The pseudoinverse is particularly useful when $A x = b$ has infinitely many solutions (e.g., when $A$ has full row rank and $n > m$ ). In such cases, it pinpoints the unique solution with the smallest magnitude (the minimum Euclidean norm).

Importance of Minimum-Norm Solutions:

Efficiency (Engineering): Often corresponds to the least resource-intensive solution.
Simplicity (Machine Learning, etc.): Represents the simplest explanation among equivalent solutions.
Stability: More resilient to noise or errors.

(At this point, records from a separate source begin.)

lemma prod_remove_powr_mult_prod:
  fixes a :: "nat \<Rightarrow> real"
  assumes fin: "finite S" and i: "i \<in> S" and card: "card S = m"
    and pos: "\<And>l. l \<in> S \<Longrightarrow> a l > 0"
  shows "(\<Prod>j\<in>S - {i}. a j powr (1 - real m) * (\<Prod>l\<in>S. a l)) = a i ^ (m - 1)"
proof -
  define Q where "Q = (\<Prod>j\<in>S - {i}. a j)"
  have Q: "Q > 0"
    unfolding Q_def using pos by (intro prod_pos) auto
  have "m \<noteq> 0"
    using card i fin by (auto simp: card_gt_0_iff)
  have "(\<Prod>j\<in>S - {i}. a j powr (1 - real m) * (\<Prod>l\<in>S. a l))
      = (\<Prod>j\<in>S - {i}. a j powr (1 - real m)) * (\<Prod>l\<in>S. a l) ^ (m - 1)"
    using card i fin by (simp add: prod.distrib)
  also have "\<dots> = Q powr (1 - real m) * (a i * Q) ^ (m - 1)"
    unfolding Q_def prod_powr_distrib[symmetric] using prod.remove[OF fin i, of a] by simp
  also have "Q powr (1 - real m) * (a i * Q) ^ (m - 1)
      = a i ^ (m - 1) * (Q powr (1 - real m) * Q powr real (m - 1))"
    using Q by (simp add: power_mult_distrib powr_realpow)
  also have "Q powr (1 - real m) * Q powr real (m - 1) = Q powr 0"
    using \<open>m \<noteq> 0\<close> by (simp add: powr_add[symmetric] of_nat_diff)
  finally show ?thesis
    using Q by simp
qed

lemma cofactor_product_powr_mult_prod:
  fixes a r :: "nat \<Rightarrow> real"
  assumes fin: "finite S" and i: "i \<in> S" and card: "card S = m" and m: "m \<ge> 2"
    and a: "\<And>j. j \<in> S \<Longrightarrow> a j = (\<Prod>l\<in>S - {j}. r l)"
    and pos: "\<And>l. l \<in> S \<Longrightarrow> a l > 0"
  shows "a i powr (1 - real m) * (\<Prod>j\<in>S. a j) = r i ^ (m - 1)"
proof -
  define R where "R = (\<Prod>l\<in>S. r l)"
  have aR: "a j * r j = R" if "j \<in> S" for j
    using prod.remove[OF fin that, of r] a[OF that] by (simp add: R_def mult.commute)
  obtain j where j: "j \<in> S" "j \<noteq> i"
    using card m i fin by (metis card_le_Suc0_iff_eq not_less_eq_eq numeral_2_eq_2)
  have "r i \<noteq> 0"
  proof
    assume "r i = 0"
    then have "(\<Prod>l\<in>S - {j}. r l) = 0"
      using i j(2) fin by (intro prod_zero) auto
    then show False
      using a[OF j(1)] pos[OF j(1)] by simp
  qed
  then have R: "R \<noteq> 0"
    using aR[OF i] pos[OF i] by auto
  have "(\<Prod>j\<in>S. a j) * R = (\<Prod>j\<in>S. a j * r j)"
    by (simp add: R_def prod.distrib)
  also have "\<dots> = R ^ m"
    using aR card by simp
  also have "\<dots> = R ^ (m - 1) * R"
    using m by (simp add: power_eq_if)
  finally have prod_a: "(\<Prod>j\<in>S. a j) = R ^ (m - 1)"
    using R by simp
  have "a i powr (1 - real m) = inverse (a i ^ (m - 1))"
    using m pos[OF i] by (simp add: of_nat_diff powr_minus[symmetric] powr_realpow[symmetric])
  then have "a i powr (1 - real m) * (\<Prod>j\<in>S. a j) = R ^ (m - 1) / a i ^ (m - 1)"
    by (simp add: prod_a divide_inverse mult.commute)
  also have "\<dots> = (R / a i) ^ (m - 1)"
    by (simp add: power_divide)
  also have "R / a i = r i"
    using aR[OF i] pos[OF i] by (auto simp: field_simps)
  finally show ?thesis .
qed

locale positive_smooth_factors =
  fixes m :: nat and U :: "(nat \<Rightarrow> real) set" and \<phi> :: "nat \<Rightarrow> (nat \<Rightarrow> real) \<Rightarrow> real"
  assumes m_ge_2: "m \<ge> 2"
    and open_U: "open_Rn (2*m) U"
    and \<phi>_pos: "\<And>i x. i \<in> {1..m} \<Longrightarrow> x \<in> U \<Longrightarrow> \<phi> i x > 0"
    and \<phi>_smooth: "\<And>i. i \<in> {1..m} \<Longrightarrow> smooth_on (2*m) U (\<phi> i)"
begin

definition \<psi> :: "nat \<Rightarrow> (nat \<Rightarrow> real) \<Rightarrow> real" where
  "\<psi> i y = \<phi> i y powr (1 - real m) * (\<Prod>l\<in>{1..m}. \<phi> l y)"

lemma \<psi>_pos:
  assumes "i \<in> {1..m}" "y \<in> U"
  shows "\<psi> i y > 0"
  unfolding \<psi>_def using \<phi>_pos[OF assms] \<phi>_pos assms(2) by (intro mult_pos_pos prod_pos) auto
lemma merit_step_le:
  fixes f :: "real^'n \<Rightarrow> real" and gf :: "real^'n \<Rightarrow> real^'n"
    and c :: "real^'n \<Rightarrow> real^'m" and Jc :: "real^'n \<Rightarrow> real^'n^'m"
  assumes "convex X" "x \<in> X" "x + \<alpha> *\<^sub>R d \<in> X" "\<tau> \<ge> 0"
    and f_deriv: "\<forall>z\<in>X. (f has_derivative (\<lambda>h. gf z \<bullet> h)) (at z)"
    and gf_lip: "\<forall>y\<in>X. \<forall>z\<in>X. norm (gf y - gf z) \<le> L * dist y z"
    and c_deriv: "\<forall>z\<in>X. (c has_derivative (\<lambda>h. Jc z *v h)) (at z)"
    and Jc_row_lip: "\<forall>i. \<forall>y\<in>X. \<forall>z\<in>X. norm (Jc y $ i - Jc z $ i) \<le> \<gamma> i * dist y z"
    and lin: "Jc x *v d = - c x"
  shows "merit f c (x + \<alpha> *\<^sub>R d) \<tau> - merit f c x \<tau>
           \<le> \<alpha> * \<tau> * (gf x \<bullet> d) + \<bar>1 - \<alpha>\<bar> * norm1 (c x) - norm1 (c x)
             + \<alpha>\<^sup>2 / 2 * ((\<tau> * L + sum \<gamma> UNIV) * (norm d)\<^sup>2)"
proof -
  have gf_lip_x: "\<forall>z\<in>X. norm (gf z - gf x) \<le> L * dist z x"
    and Jc_row_lip_x: "\<forall>i. \<forall>z\<in>X. norm (Jc z $ i - Jc x $ i) \<le> \<gamma> i * dist z x"
    using gf_lip Jc_row_lip \<open>x \<in> X\<close> by blast+
  from descent_lemma[OF assms(1-3) f_deriv gf_lip_x]
  have "f (x + \<alpha> *\<^sub>R d) \<le> f x + \<alpha> * (gf x \<bullet> d) + L / 2 * (\<alpha>\<^sup>2 * (norm d)\<^sup>2)"
    by (simp add: power_mult_distrib)
  then have "\<tau> * f (x + \<alpha> *\<^sub>R d) \<le> \<tau> * (f x + \<alpha> * (gf x \<bullet> d) + L / 2 * (\<alpha>\<^sup>2 * (norm d)\<^sup>2))"
    using \<open>\<tau> \<ge> 0\<close> by (rule mult_left_mono)
  moreover note norm1_step_le[OF assms(1-3) c_deriv Jc_row_lip_x lin]
  ultimately show ?thesis
    unfolding merit_def by (simp add: algebra_simps)
qed

lemma neg_Delta_q_lower_bound:
  assumes "0 \<le> \<alpha>" "0 \<le> \<tau>"
  shows "\<alpha> * \<tau> * (g \<bullet> dbar) - \<alpha> * norm1 (c x)
           \<le> - \<alpha> * Delta_q c x \<tau> g H d + \<alpha> * \<tau> * (g \<bullet> (dbar - d))"
proof -
  have "0 \<le> \<alpha> * \<tau> * max (d \<bullet> (H *v d)) 0"
    using assms by simp
  then show ?thesis
    unfolding Delta_q_def inner_diff_right by (simp add: algebra_simps)
qed

lemma merit_parameter_nonneg:
  fixes \<tau> den N :: "nat \<Rightarrow> real"
  assumes upd: "\<forall>k. let \<tau>prev = (if k = 0 then \<tau>_init else \<tau> (k - 1));
                     trial = (1 - \<sigma>) * N k / den k
                 in \<tau> k = (if den k \<le> 0 \<or> \<tau>prev \<le> trial then \<tau>prev else (1 - \<epsilon>) * trial)"
    and "\<tau>_init \<ge> 0" "\<epsilon> < 1" "\<sigma> < 1" "\<forall>k. N k \<ge> 0"
  shows "\<tau> k \<ge> 0"
proof (induction k)
  case 0
  then show ?case
    using upd[rule_format, of 0] assms(2-5) by (auto simp: Let_def)
next
  case (Suc k)
  then show ?case
    using upd[rule_format, of "Suc k"] assms(3-5) by (auto simp: Let_def)
qed

lemma step_size_selection_bound:
  fixes D N a hi bQ \<alpha> :: real
  assumes D: "D > 0" and N: "N \<ge> 0" and a: "0 < a" "a \<le> 1" "a \<le> hi"
    and aD: "a * D \<le> bQ"
    and \<alpha>: "\<alpha> = (let \<alpha>h = proj_interval a hi (bQ / D);
                     \<alpha>t = proj_interval a hi (bQ / D - 4 * N / D)
                 in if \<alpha>h < 1 then \<alpha>h else if \<alpha>t \<le> 1 then 1 else \<alpha>t)"
  shows "0 < \<alpha>" and "\<alpha>\<^sup>2 / 2 * D + \<bar>1 - \<alpha>\<bar> * N - N + \<alpha> * N \<le> \<alpha> / 2 * bQ"
proof -
  define \<alpha>h where "\<alpha>h = proj_interval a hi (bQ / D)"
  define \<alpha>t where "\<alpha>t = proj_interval a hi (bQ / D - 4 * N / D)"
  have "a \<le> bQ / D"
    using aD D by (simp add: field_simps)
  then have \<alpha>h_bounds: "a \<le> \<alpha>h" "\<alpha>h \<le> bQ / D"
    using a by (auto simp: \<alpha>h_def proj_interval_def)
  have \<alpha>t_bounds: "a \<le> \<alpha>t" "1 < \<alpha>t \<Longrightarrow> \<alpha>t \<le> bQ / D - 4 * N / D"
    using a by (auto simp: \<alpha>t_def proj_interval_def)
  consider "\<alpha> = \<alpha>h" "\<alpha>h < 1" | "\<alpha> = 1" "1 \<le> \<alpha>h" | "\<alpha> = \<alpha>t" "1 < \<alpha>t"
    using \<alpha> unfolding \<alpha>h_def \<alpha>t_def Let_def by (auto split: if_splits)
  then have "0 < \<alpha> \<and> \<alpha>\<^sup>2 / 2 * D + \<bar>1 - \<alpha>\<bar> * N - N + \<alpha> * N \<le> \<alpha> / 2 * bQ"
  proof cases
    case 1
    then have "\<alpha> * D \<le> bQ" "0 < \<alpha>" "\<alpha> < 1"
      using \<alpha>h_bounds a D by (auto simp: field_simps)
    then have "\<alpha> * (\<alpha> * D) \<le> \<alpha> * bQ"
      by (simp add: mult_left_mono)
    then show ?thesis
      using \<open>0 < \<alpha>\<close> \<open>\<alpha> < 1\<close> by (simp add: power2_eq_square algebra_simps)
  next
    case 2
    then have "D \<le> \<alpha>h * D"
      using D by simp
    also have "\<dots> \<le> bQ"
      using \<alpha>h_bounds D by (simp add: field_simps)
    finally have "D \<le> bQ" .
    then show ?thesis
      using 2 by simp
  next
    case 3
    \<comment> \<open>here \<open>\<alpha> > 1\<close>, and the extra \<open>4 N / D\<close> in \<open>\<alpha>t\<close> absorbs the constraint term \<open>2 (\<alpha> - 1) N\<close>\<close>
    then have "\<alpha> * D \<le> bQ - 4 * N"
      using \<alpha>t_bounds D by (simp add: field_simps)
    then have "\<alpha> * (\<alpha> * D) \<le> \<alpha> * (bQ - 4 * N)"
      using 3 by (intro mult_left_mono) auto
    then show ?thesis
      using 3 N by (simp add: power2_eq_square algebra_simps)
  qed
  then show "0 < \<alpha>" and "\<alpha>\<^sup>2 / 2 * D + \<bar>1 - \<alpha>\<bar> * N - N + \<alpha> * N \<le> \<alpha> / 2 * bQ"
    by simp_all
qed

lemma step_size_rule_bound:
  fixes \<tau> \<xi> \<xi>prev \<beta> S nd N Qb \<theta> \<epsilon> \<alpha> :: real
  assumes "0 \<le> \<tau>" "0 \<le> S" "0 < \<beta>" "0 < nd" "0 \<le> N" "0 \<le> \<theta>" "0 < \<epsilon>" "\<epsilon> < 1"
    and a: "0 < \<beta> * \<xi> * \<tau> / S" "\<beta> * \<xi> * \<tau> / S \<le> 1"
    and \<xi>: "\<xi> = (let trial = Qb / (\<tau> * nd) in if \<xi>prev \<le> trial then \<xi>prev else (1 - \<epsilon>) * trial)"
    and \<alpha>: "\<alpha> = (let D = S * nd;
                     a_hat = \<beta> * Qb / D;
                     a_til = a_hat - 4 * N / D;
                     a = \<beta> * \<xi> * \<tau> / S;
                     \<alpha>h = proj_interval a (a + \<theta> * \<beta>\<^sup>2) a_hat;
                     \<alpha>t = proj_interval a (a + \<theta> * \<beta>\<^sup>2) a_til
                 in if \<alpha>h < 1 then \<alpha>h else if \<alpha>t \<le> 1 then 1 else \<alpha>t)"
  shows "0 < \<tau>" and "0 < \<alpha>"
    and "\<alpha>\<^sup>2 / 2 * (S * nd) + \<bar>1 - \<alpha>\<bar> * N - N + \<alpha> * N \<le> 1/2 * \<alpha> * \<beta> * Qb"
proof -
  have "0 < S" "0 < \<beta> * \<xi> * \<tau>"
    using a(1) \<open>0 \<le> S\<close> by (auto simp: zero_less_divide_iff)
  then show "0 < \<tau>"
    using \<open>0 \<le> \<tau>\<close> \<open>0 < \<beta>\<close> by (auto simp: zero_less_mult_iff)
  have "0 < \<xi>"
    using \<open>0 < \<beta> * \<xi> * \<tau>\<close> \<open>0 \<le> \<tau>\<close> \<open>0 < \<beta>\<close> by (auto simp: zero_less_mult_iff)
  have "\<xi> \<le> Qb / (\<tau> * nd)"
  proof (cases "\<xi>prev \<le> Qb / (\<tau> * nd)")
    case True
    with \<xi> show ?thesis
      by (simp add: Let_def)
  next
    case False
    with \<xi> have \<xi>_eq: "\<xi> = (1 - \<epsilon>) * (Qb / (\<tau> * nd))"
      by (simp add: Let_def)
    with \<open>0 < \<xi>\<close> \<open>\<epsilon> < 1\<close> have "0 < Qb / (\<tau> * nd)"
      by (metis diff_gt_0_iff_gt zero_less_mult_pos)
    with \<open>0 < \<epsilon>\<close> have "0 < \<epsilon> * (Qb / (\<tau> * nd))"
      by (rule mult_pos_pos)
    with \<xi>_eq show ?thesis
      unfolding left_diff_distrib mult_1 by linarith
  qed
  then have "\<xi> * \<tau> * nd \<le> Qb"
    using \<open>0 < \<tau>\<close> \<open>0 < nd\<close> by (simp add: field_simps)
  then have "\<beta> * \<xi> * \<tau> / S * (S * nd) \<le> \<beta> * Qb"
    using \<open>0 < S\<close> \<open>0 < \<beta>\<close> by simp
  from step_size_selection_bound[OF _ \<open>0 \<le> N\<close> a _ this, of "\<beta> * \<xi> * \<tau> / S + \<theta> * \<beta>\<^sup>2" \<alpha>]
  show "0 < \<alpha>" and "\<alpha>\<^sup>2 / 2 * (S * nd) + \<bar>1 - \<alpha>\<bar> * N - N + \<alpha> * N \<le> 1/2 * \<alpha> * \<beta> * Qb"
    using \<alpha> \<open>0 < S\<close> \<open>0 < nd\<close> \<open>0 \<le> \<theta>\<close> by (simp_all add: Let_def)
qed
lemma prodlen_geometric_rate:
  fixes M :: "nat \<Rightarrow> nat \<Rightarrow> nat \<Rightarrow> real" and \<gamma> p :: real
  assumes "0 < \<nu>" "0 \<le> \<gamma>" "\<gamma> \<le> 1" "0 \<le> p" "p \<le> 1"
    and rate: "\<And>t. r \<le> t \<Longrightarrow> \<bar>Phi M S t r i j - p\<bar> \<le> \<gamma> ^ nat \<lceil>real (t - r + 1) / real \<nu>\<rceil>"
  shows "\<bar>p - prodlen M S r m i j\<bar> \<le> root \<nu> \<gamma> ^ m"
proof (cases m)
  case 0
  then show ?thesis using \<open>0 \<le> p\<close> \<open>p \<le> 1\<close> by auto
next
  case (Suc m')
  have "Phi M S (r + m') r = prodlen M S r m" and "r + m' - r + 1 = m"
    unfolding Phi_def using Suc by simp_all
  then have "\<bar>p - prodlen M S r m i j\<bar> \<le> \<gamma> ^ nat \<lceil>real m / real \<nu>\<rceil>"
    using rate[of "r + m'"] by (simp add: abs_minus_commute)
  also have "\<dots> \<le> root \<nu> \<gamma> ^ m" using root_power_bound assms(1-3) .
  finally show ?thesis .
qed

lemma subgradient_abs_le:
  assumes "is_subgradient g x d" and lip: "\<And>a b. \<bar>g a - g b\<bar> \<le> L * \<bar>a - b\<bar>"
  shows "\<bar>d\<bar> \<le> L"
proof -
  have "g (x + 1) \<ge> g x + d" "g (x - 1) \<ge> g x - d"
    using assms(1) unfolding is_subgradient_def by (metis add_diff_cancel_left' mult_1_right,
        metis diff_minus_eq_add mult_minus1_right uminus_add_conv_diff add_diff_cancel_left')
  moreover have "\<bar>g (x + 1) - g x\<bar> \<le> L" "\<bar>g (x - 1) - g x\<bar> \<le> L"
    using lip[of "x + 1" x] lip[of "x - 1" x] by simp_all
  ultimately show ?thesis by linarith
qed

lemma local_cost_lipschitz:
  assumes "assignment_matrix k n A" "\<forall>l \<in> {1..k}. admissible L (h l)" "i \<in> {1..n}"
  shows "\<bar>local_cost k A h i a - local_cost k A h i b\<bar> \<le> L * \<bar>a - b\<bar>"
proof -
  have "\<bar>local_cost k A h i a - local_cost k A h i b\<bar> = \<bar>\<Sum>l\<in>{1..k}. A l i * (h l a - h l b)\<bar>"
    unfolding local_cost_def by (simp add: right_diff_distrib sum_subtractf)
  also have "\<dots> \<le> (\<Sum>l\<in>{1..k}. A l i * (L * \<bar>a - b\<bar>))"
  proof (rule order_trans[OF sum_abs sum_mono])
    fix l assume "l \<in> {1..k}"
    then have "A l i \<ge> 0" "\<bar>h l a - h l b\<bar> \<le> L * \<bar>a - b\<bar>"
      using assms unfolding assignment_matrix_def admissible_def by auto
    then show "\<bar>A l i * (h l a - h l b)\<bar> \<le> A l i * (L * \<bar>a - b\<bar>)"
      by (simp add: abs_mult mult_left_mono)
  qed
  also have "\<dots> = L * \<bar>a - b\<bar>"
    using assms unfolding assignment_matrix_def by (simp add: sum_distrib_right[symmetric])
  finally show ?thesis .
qed

lemma step_sizes_tendsto_zero:
  assumes "step_sizes \<alpha>"
  shows "\<alpha> \<longlonglongrightarrow> 0"
proof -
  have "(\<lambda>t. (\<alpha> t)\<^sup>2) \<longlonglongrightarrow> 0"
    using assms summable_LIMSEQ_zero unfolding step_sizes_def by blast
  then have "(\<lambda>t. sqrt ((\<alpha> t)\<^sup>2)) \<longlonglongrightarrow> sqrt 0" by (rule tendsto_real_sqrt)
  then show ?thesis using assms unfolding step_sizes_def by simp
qed
(* Let $I$ be an index set of non-measurable cardinality and let $H$ be the group $\mathbb Z^{(I)}$ with the topology of pointwise convergence on $\mathbb Z^I$. Then the map $\theta:\mathbb Z^I\otimes_{\mathcal Q}\mathbb T\to\widehat H$ determined by $\theta(\bar x\otimes t)[\bar g]=t\cdot\langle\bar g,\bar x\rangle$ ($\bar x\in\mathbb Z^I$, $t\in\mathbb T$, $\bar g\in H$) is a well-defined injective group homomorphism into $\widehat H$; thus $\mathbb Z^I\otimes_{\mathcal Q}\mathbb T$ is canonically embedded in $\widehat H$.
   Context: $\mathbb Z^{(I)}$ is the group of finitely supported functions $I\to\mathbb Z$, paired with $\mathbb Z^I$ by $\langle\bar g,\bar x\rangle=\sum_{i\in I}\bar g(i)\bar x(i)$; $H$ carries the weakest topology making all maps $\bar g\mapsto\langle\bar g,\bar x\rangle\in\mathbb Z$ ($\mathbb Z$ discrete) continuous. $\mathbb Z^I$ has the product topology; $\mathbb T=\mathbb R/\mathbb Z$; $\widehat H$ is the group of continuous homomorphisms $H\to\mathbb T$. A subset $A$ of a topological abelian group $L$ is quasi-convex if for every $g\notin A$ there is a continuous character $\chi$ with $|\chi(a)|\le1/4$ on $A$ and $|\chi(g)|>1/4$; $\mathcal Q$ is the class of Hausdorff abelian groups with a basis at $0$ of quasi-convex sets. A continuous bihomomorphism is separately a continuous homomorphism in each variable and continuous at $(0,0)$. $\mathbb Z^I\otimes_{\mathcal Q}\mathbb T$ is the group in $\mathcal Q$ with a continuous bihomomorphism $(\bar x,t)\mapsto\bar x\otimes t$ from $\mathbb Z^I\times\mathbb T$ through which every continuous bihomomorphism into a group of $\mathcal Q$ factors via a unique continuous homomorphism. *)

theory Defs
  imports "HOL-Analysis.Analysis" "HOL-Algebra.Group"
begin

definition top_ab_group :: "('a, 'b) monoid_scheme \<Rightarrow> 'a topology \<Rightarrow> bool" where
  "top_ab_group G \<tau> \<longleftrightarrow> comm_group G \<and> topspace \<tau> = carrier G \<and>
     continuous_map (prod_topology \<tau> \<tau>) \<tau> (\<lambda>p. fst p \<otimes>\<^bsub>G\<^esub> snd p) \<and>
     continuous_map \<tau> \<tau> (\<lambda>x. inv\<^bsub>G\<^esub> x)"

section \<open>The circle group T = R/Z, represented by [0,1) with addition mod 1\<close>

definition T_grp :: "real monoid" where
  "T_grp = \<lparr>carrier = {0..<1}, mult = (\<lambda>x y. frac (x + y)), one = 0\<rparr>"

text \<open>Quotient topology of R/Z: U is open iff its preimage under frac is open in R.\<close>
definition T_top :: "real topology" where
  "T_top = topology (\<lambda>U. U \<subseteq> {0..<1} \<and> open {x. frac x \<in> U})"

definition tnorm :: "real \<Rightarrow> real" where
  "tnorm t = \<bar>t - of_int (round t)\<bar>"

definition tmul :: "real \<Rightarrow> int \<Rightarrow> real" where
  "tmul t k = frac (of_int k * t)"

definition cont_chars :: "('a, 'b) monoid_scheme \<Rightarrow> 'a topology \<Rightarrow> ('a \<Rightarrow> real) set" where
  "cont_chars G \<tau> = {ch. ch \<in> hom G T_grp \<and> continuous_map \<tau> T_top ch}"

definition quasi_convex :: "('a, 'b) monoid_scheme \<Rightarrow> 'a topology \<Rightarrow> 'a set \<Rightarrow> bool" where
  "quasi_convex G \<tau> A \<longleftrightarrow> A \<subseteq> carrier G \<and>
     (\<forall>g \<in> carrier G - A. \<exists>ch \<in> cont_chars G \<tau>.
        (\<forall>a\<in>A. tnorm (ch a) \<le> 1/4) \<and> tnorm (ch g) > 1/4)"

definition in_Q :: "('a, 'b) monoid_scheme \<Rightarrow> 'a topology \<Rightarrow> bool" where
  "in_Q G \<tau> \<longleftrightarrow> top_ab_group G \<tau> \<and> Hausdorff_space \<tau> \<and>
     (\<forall>U. openin \<tau> U \<and> \<one>\<^bsub>G\<^esub> \<in> U \<longrightarrow>
        (\<exists>V. quasi_convex G \<tau> V \<and> V \<subseteq> U \<and>
             (\<exists>W. openin \<tau> W \<and> \<one>\<^bsub>G\<^esub> \<in> W \<and> W \<subseteq> V)))"

definition cont_bihom ::
  "('a, 'x) monoid_scheme \<Rightarrow> 'a topology \<Rightarrow> ('b, 'y) monoid_scheme \<Rightarrow> 'b topology \<Rightarrow>
   ('c, 'z) monoid_scheme \<Rightarrow> 'c topology \<Rightarrow> ('a \<Rightarrow> 'b \<Rightarrow> 'c) \<Rightarrow> bool" where
  "cont_bihom G \<tau>G K \<tau>K M \<tau>M \<beta> \<longleftrightarrow>
     (\<forall>x\<in>carrier G. \<beta> x \<in> hom K M \<and> continuous_map \<tau>K \<tau>M (\<beta> x)) \<and>
     (\<forall>y\<in>carrier K. (\<lambda>x. \<beta> x y) \<in> hom G M \<and> continuous_map \<tau>G \<tau>M (\<lambda>x. \<beta> x y)) \<and>
     (\<forall>U. openin \<tau>M U \<and> \<one>\<^bsub>M\<^esub> \<in> U \<longrightarrow>
        (\<exists>V W. openin \<tau>G V \<and> \<one>\<^bsub>G\<^esub> \<in> V \<and> openin \<tau>K W \<and> \<one>\<^bsub>K\<^esub> \<in> W \<and>
               (\<forall>x\<in>V. \<forall>y\<in>W. \<beta> x y \<in> U)))"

Proof of Minimum-Norm Property

Our goal is to prove that $\hat{x} = A^{†} b$ is the minimum-norm solution among all solutions to $A x = b$ when $A$ has full row rank.

1. General Solution

Any solution to $A x = b$ can be expressed as:

x = A^{†} b + (I - A^{†} A) w,

where $w$ is an arbitrary vector.

Particular Solution: $A^{†} b$ is a particular solution because, for full row rank matrices, $A A^{†} = I$ . Therefore:

A (A^{†} b) = (A A^{†}) b = b .

Nullspace Component: $(I - A^{†} A) w$ lies in the nullspace of $A$ . This is because:

A (I - A^{†} A) w = A w - A A^{†} A w = A w - A w = 0 .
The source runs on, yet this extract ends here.